Very few of those attending knew of the death of Tibbles’s wife and Standing Bear’s brother. Had they known, their sympathy for the campaigners would probably have overwhelmed Henry Tibbles, who was only going through the motions. He spoke a few words to the crowd, although, as he later wrote, he would remember nothing of it. “My mind was not at the meeting—it was living over, moment by moment, eighteen hard, brave, wonderful years (with Amelia) that now were done.”243
The public reception that night was a huge success, as the Boston papers enthusiastically reported in coming days. That reception, combined with the news of the party’s double tragedy, won the Poncas thousands more fans. “Boston now was really stirred up,” Tibbles would write.244 During the following week in the city he could not walk down the street without being approached by an endless parade of complete strangers who wanted to pass on their sympathies, shake his hand, and wish him and his Indian friends well. Staff at the swanky Tremont House continually had to move away countless people who gathered outside the hotel to catch sight of the new celebrities.
The speeches at the massive Boston reception that night set the scene for grueling months of speeches by the crusading quartet throughout New England and then across the length and breadth of New York, Pennsylvania, and Maryland, and into the very lion’s den itself—Washington, D.C.—before they could go home to Nebraska. Tens of thousands of Americans came to see and hear a former frontier newspaper editor, an Indian chief, and a so-called Indian princess describe a great injustice—a great trampling of human rights—and explain how ordinary Americans could right the injustice, with their financial support and their vocal support for legislation to bring the Indian peoples under the protection of the law by recognizing them as citizens. At some venues, thousands were turned away because there was no more room inside.
The speeches changed little from engagement to engagement.

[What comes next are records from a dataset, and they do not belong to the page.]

text \<open>The tangent planes of F at a fine finite net of a compact neighbourhood K of the unit cube
  have a maximum that is uniformly close to F on K, and the LSE with temperature t of n numbers
  exceeds their maximum by at most ln n / t; so for large t the convex function g given by the
  LSE of these planes approximates F uniformly on K. For convex functions, uniform closeness of
  values forces closeness of gradients wherever one gradient is uniformly continuous: comparing
  the tangent inequality of g at x with that of F at x + h, where h has length r and points along
  grad g(x) - grad F(x), bounds that difference by the oscillation of grad F on the r-ball plus
  2 sup |g - F| / r. Finally, grad g(x) is exactly W^T softmax(t(Wx + a)).\<close>

lemma convex_on_ge_tangent:
  fixes f :: "'a::real_normed_vector \<Rightarrow> real"
  assumes f: "convex_on S f" and "x \<in> S" "y \<in> S" and L: "(f has_derivative L) (at x)"
  shows "f x + L (y - x) \<le> f y"
proof -
  let ?\<phi> = "\<lambda>u. f (x + u *\<^sub>R (y - x))"
  have "((\<lambda>u. x + u *\<^sub>R (y - x)) has_derivative (\<lambda>u. u *\<^sub>R (y - x))) (at 0)"
    by (auto intro!: derivative_eq_intros)
  then have "(?\<phi> has_derivative (\<lambda>u. L (u *\<^sub>R (y - x)))) (at 0)"
    using has_derivative_compose[of "\<lambda>u. x + u *\<^sub>R (y - x)" _ 0 UNIV f L] L by simp
  moreover have "(\<lambda>u. L (u *\<^sub>R (y - x))) = (*) (L (y - x))"
    using has_derivative_linear[OF L] by (auto simp: linear_scale mult.commute)
  ultimately have "(?\<phi> has_field_derivative L (y - x)) (at 0 within {0<..})"
    by (simp add: has_field_derivative_def has_derivative_at_withinI)
  then have "((\<lambda>u. (?\<phi> u - f x) / u) \<longlongrightarrow> L (y - x)) (at_right 0)"
    by (simp add: has_field_derivative_iff)
  moreover have "\<forall>\<^sub>F u in at_right 0. (?\<phi> u - f x) / u \<le> f y - f x"
    using eventually_at_right_real[of 0 1, simplified]
  proof eventually_elim
    case (elim u)
    have "?\<phi> u = f ((1 - u) *\<^sub>R x + u *\<^sub>R y)" by (simp add: algebra_simps)
    also have "\<dots> \<le> (1 - u) * f x + u * f y"
      using elim assms(2,3) by (intro convex_onD[OF f]) auto
    finally have "?\<phi> u - f x \<le> (f y - f x) * u" by (simp add: algebra_simps)
    then show ?case using elim by (simp add: divide_le_eq)
  qed
  ultimately have "L (y - x) \<le> f y - f x"
    by (intro tendsto_upperbound) auto
  then show ?thesis by simp
qed

lemma sum_exp_pos: "(n::nat) \<ge> 1 \<Longrightarrow> (\<Sum>i<n. exp (u i :: real)) > 0"
  by (intro sum_pos) (auto simp: lessThan_empty_iff)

Bright Eyes polished and modified her presentation over time, as she developed the theme that law was liberty, and that without the protection of law Native Americans had no liberty. “If we cannot get the protection of the law,” she said of her own Omaha people in 1879, “we shall be driven from our reservation. And then what will become of my father and my mother and my sisters?”245
On the night of November 1, Bright Eyes, reading her address in a “modest, natural manner,” told the vast Boston audience that when Inspector Kemble had taken the ten Ponca chiefs south to inspect the Indian Territory two years earlier, her mother, the One Woman, worried that they would be left in a strange place from which they could not find their way home.246 Bright Eyes said she’d laughed at this, telling her mother that the U.S. government would never “treat the chiefs of a nation with whom it made treaties in that dishonorable way.”247 And yet her mother had been right; that was exactly what the representatives of the U.S. government had done. Now, as she and her fellow crusaders took the story of the injustices done to and threatened against the Ponca and Omaha peoples to the American people, Bright Eyes was helping her brothers and sisters find their way home. “All we ask of your government,” she said that night, “is to be treated as men and women, to be allowed to have a voice in whatever concerns us.”248
Standing Bear’s line remained consistent. That night in Boston when he and Henry Tibbles set aside their personal tragedies and set the stamp on the long hard campaign that lay ahead, he spoke, according to a reporter for the Boston Daily Advertiser, “with great animation and earnest eloquence, using vigorous gestures” as he would on hundreds of similar occasions in the months and years ahead.249
“I am the Ponca people,” he told his audiences. “I have been here 2,000 years or more.”250 He sadly he told America of the forced march of his people to Indian Territory and remarked, “When people want to slaughter cattle they drive them along until they get them to a corral, and then they slaughter them. So it was with us.”251
He told them of his personal tragedies. “My children have been exterminated, my brother has been killed.”252 And he told them of his attachment to the land of his forefathers beside the Swift Running Water. “My friends, if you took me away from this land it would be very hard for me. I wish to die in this land. I wish to be an old man here. I have not wished to give even a part of it to the Great Father. Though he were to give me a million dollars I would not give him this land.”253
The simple honesty of the Indian chief ’s delivery, the undeniable human tragedy of his story, and the unpretentious nobility of the man himself sent ordinary Americans away from the Boston reception that night (and from meetings like it up and down the Northeast in coming months and years) with a heartfelt conviction that progress at the price of someone else’s pain and suffering is not progress at all. It is a crime. Though the proponents of progress and America’s “manifest destiny”254 fought them every step of the way, the road on which Standing Bear, Bright Eyes, Frank La Flesche, and Henry Tibbles embarked that first November night after that dark, dark October of 1879 seemed certain to lead to victory, justice, and equality for Standing Bear and his people.